Existing or desired skills match. Realizing value from streaming architectures can be difficult and often a new endeavor for various roles within organizations. Increase your chances of success by aligning your team’s existing skillsets, or desired skillsets, wherever possible. For example, is your team familiar with Java or do they prefer a different language, such as Python or Go? Does your team prefer a graphical user interface for writing and deploying code? Work backwards from your existing skill resources and preferences to appropriate options for each component.

Build vs. buy (Write your own or use off-the-shelf). Consider whether an integration between components already exists or if you must write your own. Or perhaps both options are available. Many teams new to streaming incorrectly assume that everything must be written from scratch. Instead, consider services such as Kafka Connect Connectors for inbound and outbound traffic, AWS Lambda, and Firehose.

Performance

Aggregate records before sending to stream storage for increased throughput. When using Kinesis, Amazon MSK, or Kafka, ensure that the messages are accumulated on the producer side before sending to stream storage. This is also referred to as batching records to increase throughput, but at the cost of increased latency.

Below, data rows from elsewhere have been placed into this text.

lemma lift_factors_through_X:
  assumes Y: "Y \<in> U" and \<mu>: "\<mu> \<in> H Y P" and r\<mu>: "cm r \<mu> = zr Y M"
  shows "\<exists>\<phi>\<in>H Y A. cm t \<mu> = cm s \<phi> \<and> factors_through T X Y A \<phi>"
proof -
  have sH: "s \<in> H A B" and gH: "g \<in> H B M" and AO: "A \<in> Ob T" and YO: "Y \<in> Ob T"
    using triangleD tA homD \<mu> by auto
  obtain R0 e where R0: "R0 \<in> Ob T" "is_iso T (sO R0) R e" "R0 \<in> V" "R0 \<in> N"
    using rperp_desuspension[OF R] by blast
  obtain \<rho> \<tau> where \<rho>: "\<rho> \<in> H R0 P" "(R0, P, M, \<rho>, r, \<tau>) \<in> Tr"
    using rotate_back[OF tM R0(1,2)] by blast
  obtain \<nu> where \<nu>: "\<nu> \<in> H Y R0" "\<mu> = cm \<rho> \<nu>" using cov_exact_B[OF \<rho>(2) \<mu> r\<mu>] by blast
  have "cm g (cm t \<rho>) = zr R0 M"
    using comp_assoc[OF \<rho>(1) t(1) gH] t(2) triangle_comp_zero[OF \<rho>(2)] by simp
  then obtain \<kappa> where \<kappa>: "\<kappa> \<in> H R0 A" "cm t \<rho> = cm s \<kappa>"
    using cov_exact_B[OF tA comp_hom[OF \<rho>(1) t(1)]] by blast
  have "cm t \<mu> = cm s (cm \<kappa> \<nu>)"
    using \<nu>(2) comp_assoc[OF \<nu>(1) \<rho>(1) t(1)] \<kappa>(2) comp_assoc[OF \<nu>(1) \<kappa>(1) sH] by simp
  moreover have "factors_through T X Y A (cm \<kappa> \<nu>)"
    using factors_through_comp_left[OF factors_through_X_to_VN[OF R0(3,4) Y \<nu>(1)] \<kappa>(1) X_Ob YO] .
  ultimately show ?thesis using comp_hom[OF \<nu>(1) \<kappa>(1)] by blast
qed

text \<open>Writing s \<psi> = \<beta> \<alpha> through X3, the map \<beta> - t \<gamma> factors as s \<delta>, and \<delta> \<alpha> is the
  X-part split off from \<psi>.\<close>
lemma monic_reduction:
  assumes Y: "Y \<in> U" and \<psi>: "\<psi> \<in> H Y A" and s\<psi>: "factors_through T X Y B (cm s \<psi>)"
  shows "\<exists>\<psi>1\<in>H Y A. \<exists>\<mu>\<in>H Y P. factors_through T X Y A (ad \<psi> (ng \<psi>1)) \<and>
      cm s \<psi>1 = cm t \<mu> \<and> cm r \<mu> = zr Y M"
proof -
  have sH: "s \<in> H A B" and gH: "g \<in> H B M" and rH: "r \<in> H P M" and YO: "Y \<in> Ob T"
    using triangleD tA tM homD \<psi> by auto
  obtain X3 \<alpha> \<beta> where x: "X3 \<in> X" "\<alpha> \<in> H Y X3" "\<beta> \<in> H X3 B" "cm s \<psi> = cm \<beta> \<alpha>"
    using factors_throughE[OF s\<psi> X_Ob YO triangleD(5)[OF tA]] by blast
  have X3U: "X3 \<in> U" using x(1) X_def by blast
  obtain \<gamma> where \<gamma>: "\<gamma> \<in> H X3 P" "cm g \<beta> = cm r \<gamma>" using U_lift[OF tM R X3U comp_hom[OF x(3) gH]] by blast
  have t\<gamma>: "cm t \<gamma> \<in> H X3 B" using comp_hom[OF \<gamma>(1) t(1)] .
  have "cm g (ad \<beta> (ng (cm t \<gamma>))) = zr X3 M"
    using comp_sub_right[OF x(3) t\<gamma> gH] comp_assoc[OF \<gamma>(1) t(1) gH] t(2) \<gamma>(2)
      add_neg_right[OF comp_hom[OF \<gamma>(1) rH]] by simp
  then obtain \<delta> where \<delta>: "\<delta> \<in> H X3 A" "ad \<beta> (ng (cm t \<gamma>)) = cm s \<delta>"
    using cov_exact_B[OF tA add_hom[OF x(3) neg_hom[OF t\<gamma>]]] by blast
  have \<delta>\<alpha>: "cm \<delta> \<alpha> \<in> H Y A" using comp_hom[OF x(2) \<delta>(1)] .
  define \<psi>1 where "\<psi>1 = ad \<psi> (ng (cm \<delta> \<alpha>))"
  have \<psi>1H: "\<psi>1 \<in> H Y A" using \<psi>1_def add_hom neg_hom \<psi> \<delta>\<alpha> by blast
  have "ad \<psi> (ng \<psi>1) = cm \<delta> \<alpha>" using \<psi>1_def sub_sub_cancel[OF \<psi> \<delta>\<alpha>] by simp
  hence "factors_through T X Y A (ad \<psi> (ng \<psi>1))" using factors_throughI[OF x(1,2) \<delta>(1)] by simp
  moreover have "cm s \<psi>1 = ad (cm \<beta> \<alpha>) (ng (ad (cm \<beta> \<alpha>) (ng (cm (cm t \<gamma>) \<alpha>))))"
    using \<psi>1_def comp_sub_right[OF \<psi> \<delta>\<alpha> sH] x(4) comp_assoc[OF x(2) \<delta>(1) sH] \<delta>(2)
      comp_sub_left[OF x(2) x(3) t\<gamma>] by simp
  hence "cm s \<psi>1 = cm t (cm \<gamma> \<alpha>)"
    using sub_sub_cancel comp_hom x(2,3) t\<gamma> comp_assoc[OF x(2) \<gamma>(1) t(1)] by metis
  moreover have "cm r (cm \<gamma> \<alpha>) = cm (cm g s) \<psi>"
    using comp_assoc[OF x(2) \<gamma>(1) rH] \<gamma>(2) comp_assoc[OF x(2) x(3) gH] x(4) comp_assoc[OF \<psi> sH gH]
    by metis
  hence "cm r (cm \<gamma> \<alpha>) = zr Y M" using triangle_comp_zero[OF tA] comp_zero_left[OF \<psi>] triangleD(6)[OF tA] by simp
  ultimately show ?thesis using \<psi>1H comp_hom[OF x(2) \<gamma>(1)] by blast
qed
(* Let $f,g\colon X\to Y$ be morphisms in $\mathbf{CompOrd}$ having a common retraction $k\colon Y\to X$ (i.e. $k\circ f=k\circ g=1_X$), let $h\colon E\to X$ be an equalizer of $f$ and $g$ in $\mathbf{CompOrd}$, and let $K$ be a closed subset of $X$. Then: (1) if $\uparrow f[K]=\uparrow g[K]$, then $\uparrow K=\uparrow(K\cap\operatorname{im}h)$; (2) if $\downarrow f[K]=\downarrow g[K]$, then $\downarrow K=\downarrow(K\cap\operatorname{im}h)$; (3) if $\updownarrow f[K]=\updownarrow g[K]$, then $\updownarrow K=\updownarrow(K\cap\operatorname{im}h)$.
   Context: $\mathbf{CompOrd}$ is the category of compact ordered spaces (compact Hausdorff spaces with a partial order closed in $X\times X$) and continuous order-preserving maps. For a subset $Y$ of a poset, $\uparrow Y$, $\downarrow Y$ denote up- and down-closure and $\updownarrow Y=\uparrow Y\cap\downarrow Y$. *)

theory Defs
  imports "HOL-Analysis.Analysis"
begin

definition comp_ord :: "'a topology \<Rightarrow> ('a \<Rightarrow> 'a \<Rightarrow> bool) \<Rightarrow> bool" where
  "comp_ord T le \<longleftrightarrow>
     compact_space T \<and> Hausdorff_space T \<and>
     (\<forall>x\<in>topspace T. le x x) \<and>
     (\<forall>x\<in>topspace T. \<forall>y\<in>topspace T. le x y \<and> le y x \<longrightarrow> x = y) \<and>
     (\<forall>x\<in>topspace T. \<forall>y\<in>topspace T. \<forall>z\<in>topspace T. le x y \<and> le y z \<longrightarrow> le x z) \<and>
     closedin (prod_topology T T) {(x, y). x \<in> topspace T \<and> y \<in> topspace T \<and> le x y}"

definition comp_ord_hom ::
  "'a topology \<Rightarrow> ('a \<Rightarrow> 'a \<Rightarrow> bool) \<Rightarrow> 'b topology \<Rightarrow> ('b \<Rightarrow> 'b \<Rightarrow> bool) \<Rightarrow> ('a \<Rightarrow> 'b) \<Rightarrow> bool" where
  "comp_ord_hom T le T' le' f \<longleftrightarrow>
     continuous_map T T' f \<and>
     (\<forall>x\<in>topspace T. \<forall>y\<in>topspace T. le x y \<longrightarrow> le' (f x) (f y))"

definition up_cl :: "'a set \<Rightarrow> ('a \<Rightarrow> 'a \<Rightarrow> bool) \<Rightarrow> 'a set \<Rightarrow> 'a set" where
  "up_cl S le A = {y\<in>S. \<exists>x\<in>A. le x y}"

definition down_cl :: "'a set \<Rightarrow> ('a \<Rightarrow> 'a \<Rightarrow> bool) \<Rightarrow> 'a set \<Rightarrow> 'a set" where
  "down_cl S le A = {y\<in>S. \<exists>x\<in>A. le y x}"

definition updown_cl :: "'a set \<Rightarrow> ('a \<Rightarrow> 'a \<Rightarrow> bool) \<Rightarrow> 'a set \<Rightarrow> 'a set" where
  "updown_cl S le A = up_cl S le A \<inter> down_cl S le A"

When working with Kinesis Data Streams, use Kinesis Client Library (KCL) to de-aggregate records. KCL takes care of many of the complex tasks associated with distributed computing, such as load balancing across multiple instances, responding to instance failures, checkpointing processed records, and reacting to re-sharding.

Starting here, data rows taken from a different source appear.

(* An integral domain $D$ is unit-additive if and only if for all $d,e,f\in D\setminus\{0\}$ with $d=\frac1e+\frac1f$ (in the fraction field of $D$), $d$ is a unit of $D$. In particular, every E-simple domain is unit-additive.
   Context: A commutative ring is unit-additive if the sum of any two units is either a unit or nilpotent (for a domain: a unit or zero). For an integral domain $D$ with fraction field $F$, the reciprocal complement $R(D)$ is the subring of $F$ generated by all $1/d$, $d\in D\setminus\{0\}$. An element $d\in D$ is Egyptian if $d\in R(D)$. $D$ is E-simple if every Egyptian element of $D$ is a unit of $D$. *)

theory Defs
  imports "HOL-Computational_Algebra.Fraction_Field"
begin

definition emb :: "'a::idom \<Rightarrow> 'a fract" where
  "emb d = Fract d 1"

definition unit_additive :: "'a::idom itself \<Rightarrow> bool" where
  "unit_additive _ \<longleftrightarrow>
     (\<forall>u v :: 'a. u dvd 1 \<and> v dvd 1 \<longrightarrow> (u + v) dvd 1 \<or> (\<exists>n. (u + v) ^ n = 0))"

inductive_set recip_complement :: "'a::idom fract set" where
  gen: "d \<noteq> 0 \<Longrightarrow> inverse (emb d) \<in> recip_complement"
| zero: "0 \<in> recip_complement"
| one: "1 \<in> recip_complement"
| add: "x \<in> recip_complement \<Longrightarrow> y \<in> recip_complement \<Longrightarrow> x + y \<in> recip_complement"
| neg: "x \<in> recip_complement \<Longrightarrow> - x \<in> recip_complement"
| mult: "x \<in> recip_complement \<Longrightarrow> y \<in> recip_complement \<Longrightarrow> x * y \<in> recip_complement"

definition egyptian :: "'a::idom \<Rightarrow> bool" where
  "egyptian d \<longleftrightarrow> emb d \<in> recip_complement"

definition E_simple :: "'a::idom itself \<Rightarrow> bool" where
  "E_simple _ \<longleftrightarrow> (\<forall>d :: 'a. egyptian d \<longrightarrow> d dvd 1)"

end

theory Submission
  imports Defs
begin

(* Clearing denominators, d = 1/e + 1/f reads d e f = e + f.  Then e = f (d e - 1) and
   f = e (d f - 1), so w = d f - 1 is a unit and 1 + w = d e w.  Conversely, for units u, v
   the element u + v is the sum of the reciprocals of u^-1 and v^-1.  In a domain a
   nilpotent is zero, so unit-additivity says exactly that a nonzero sum 1 + w of units,
   here d e w, is a unit. *)

lemma emb_eq_inverse_add_inverse_iff:
  fixes d e f :: "'a::idom"
  assumes "e \<noteq> 0" "f \<noteq> 0"
  shows "emb d = inverse (emb e) + inverse (emb f) \<longleftrightarrow> d * (e * f) = e + f"
proof -
  have "inverse (emb e) + inverse (emb f) = Fract (f + e) (e * f)"
    using assms by (simp add: emb_def)
  then show ?thesis
    using assms by (simp add: emb_def eq_fract add.commute)
qed

lemma unit_additive_iff_nonzero_sums:
  "unit_additive TYPE('a::idom) \<longleftrightarrow>
     (\<forall>u v :: 'a. u dvd 1 \<and> v dvd 1 \<and> u + v \<noteq> 0 \<longrightarrow> (u + v) dvd 1)"
  unfolding unit_additive_def by (metis power_eq_0_iff power_one_right)

lemma unit_additive_imp_reciprocal_sum_unit:
  fixes d e f :: "'a::idom"
  assumes ua: "unit_additive TYPE('a)" and "d \<noteq> 0" "e \<noteq> 0" "f \<noteq> 0"
    and eq: "d * (e * f) = e + f"
  shows "d dvd 1"
proof -
  define w where "w = d * f - 1"
  have f_eq: "f = e * w"
    using eq by (simp add: w_def algebra_simps)
  have e_eq: "e = f * (d * e - 1)"
    using eq by (simp add: algebra_simps)
  have "e * (w * (d * e - 1)) = e * 1"
    using f_eq e_eq by (simp add: algebra_simps)
  then have "w * (d * e - 1) = 1"
    using \<open>e \<noteq> 0\<close> by simp
  then have w_unit: "w dvd 1"
    by (metis dvd_triv_left)
  have "e * (1 + w) = e * (d * e * w)"
    using eq f_eq by (simp add: algebra_simps)
  then have sum_eq: "1 + w = d * e * w"
    using \<open>e \<noteq> 0\<close> by simp
  have "1 + w \<noteq> 0"
    using sum_eq w_unit \<open>d \<noteq> 0\<close> \<open>e \<noteq> 0\<close> by auto
  then have "(1 + w) dvd 1"
    using ua w_unit unfolding unit_additive_iff_nonzero_sums by (meson one_dvd)
  then show ?thesis
    using sum_eq by (metis dvd_mult_left)
qed

lemma sum_of_units_is_reciprocal_sum:
  fixes u v :: "'a::idom"
  assumes "u dvd 1" "v dvd 1"
  obtains e f where "e \<noteq> 0" "f \<noteq> 0" "(u + v) * (e * f) = e + f"
proof -
  obtain e f where "u * e = 1" "v * f = 1"
    using assms by (metis dvd_def)
  then have "e \<noteq> 0" "f \<noteq> 0" "(u + v) * (e * f) = e + f"
    by (auto simp: algebra_simps)
  then show ?thesis ..
qed

lemma unit_additive_iff_reciprocal_sums_are_units:
  "unit_additive TYPE('a::idom) \<longleftrightarrow>
     (\<forall>d e f :: 'a. d \<noteq> 0 \<and> e \<noteq> 0 \<and> f \<noteq> 0 \<and> d * (e * f) = e + f \<longrightarrow> d dvd 1)"
  (is "?ua \<longleftrightarrow> ?rec")
proof
  assume ?ua
  then show ?rec
    using unit_additive_imp_reciprocal_sum_unit by blast
next
  assume ?rec
  show ?ua
    unfolding unit_additive_iff_nonzero_sums
  proof (intro allI impI)
    fix u v :: 'a
    assume "u dvd 1 \<and> v dvd 1 \<and> u + v \<noteq> 0"
    moreover obtain e f where "e \<noteq> 0" "f \<noteq> 0" "(u + v) * (e * f) = e + f"
      using calculation sum_of_units_is_reciprocal_sum by blast
    ultimately show "(u + v) dvd 1"
      using \<open>?rec\<close> by blast
  qed
qed

lemma egyptian_if_emb_eq_inverse_add_inverse:
  fixes d e f :: "'a::idom"
  assumes "e \<noteq> 0" "f \<noteq> 0" "emb d = inverse (emb e) + inverse (emb f)"
  shows "egyptian d"
  unfolding egyptian_def assms(3)
  using assms(1,2) by (intro recip_complement.add recip_complement.gen)

theorem mainTheorem2:
  shows "(unit_additive TYPE('a::idom) \<longleftrightarrow>
           (\<forall>d e f :: 'a. d \<noteq> 0 \<and> e \<noteq> 0 \<and> f \<noteq> 0 \<and>
              emb d = inverse (emb e) + inverse (emb f) \<longrightarrow> d dvd 1))
         \<and> (E_simple TYPE('a::idom) \<longrightarrow> unit_additive TYPE('a))"
proof -
  have reciprocal_sums: "unit_additive TYPE('a) \<longleftrightarrow>
      (\<forall>d e f :: 'a. d \<noteq> 0 \<and> e \<noteq> 0 \<and> f \<noteq> 0 \<and>
         emb d = inverse (emb e) + inverse (emb f) \<longrightarrow> d dvd 1)"
    by (simp add: unit_additive_iff_reciprocal_sums_are_units emb_eq_inverse_add_inverse_iff
        cong: conj_cong)
  moreover have "E_simple TYPE('a) \<longrightarrow> unit_additive TYPE('a)"
    unfolding reciprocal_sums E_simple_def
    using egyptian_if_emb_eq_inverse_add_inverse by blast
  ultimately show ?thesis ..
qed

end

Initial planning and adjustment of shards and partitions. The most common mechanism to scale stream storage for stream processors and consumers is through the number of configured shards (Kinesis Data Streams) or partitions (Apache Kafka, Amazon MSK) for a particular stream. This is a common element across Kinesis Data Streams, Amazon MSK, and Apache Kafka, but options for scaling out (and in) the number of shards or partitions vary.

Use Spot Instances and automatic scaling to process streaming data cost effectively. You can also process the data using AWS Lambda with Kinesis, Amazon MSK, or both, and Kinesis record aggregation and de-aggregation modules for AWS Lambda. Various AWS services offer automatic scaling options to keep costs lower than provisioning for peak volumes.

Operations

Monitor Kinesis Data Streams and Amazon MSK metrics using Amazon CloudWatch. You can get basic stream and topic level metrics in addition to shard and partition level metrics. Amazon MSK also provides an Open Monitoring with Prometheus option.

  Plan for the unexpected / No single point of failure. Some components in your streaming architecture will offer different options for durability in case of a failure. For example, Kinesis Data Streams replicates to three different Availability Zones. With Apache Kafka and Amazon MSK, producers can be configured to require acknowledgement for partition leader as well as a configurable number of in-sync replica followers before considering the write successful. In these examples, you are able to plan for possible disruptions in your AWS environment, for example, if an Availability Zone goes offline, without possible downtime of your producing and consuming layers.

Security

Authentication and authorization.

Encryption in transit and encryption at rest. Streaming data actively moves from one layer to another, such as from a streaming data producer to stream storage over the internet or through a private network.

Protecting data in transit, enterprises can and often choose to use encrypted connections (HTTPS, SSL, TLS) to protect the contents of data in transit. Many AWS streaming services offer protection of data at rest through encryption.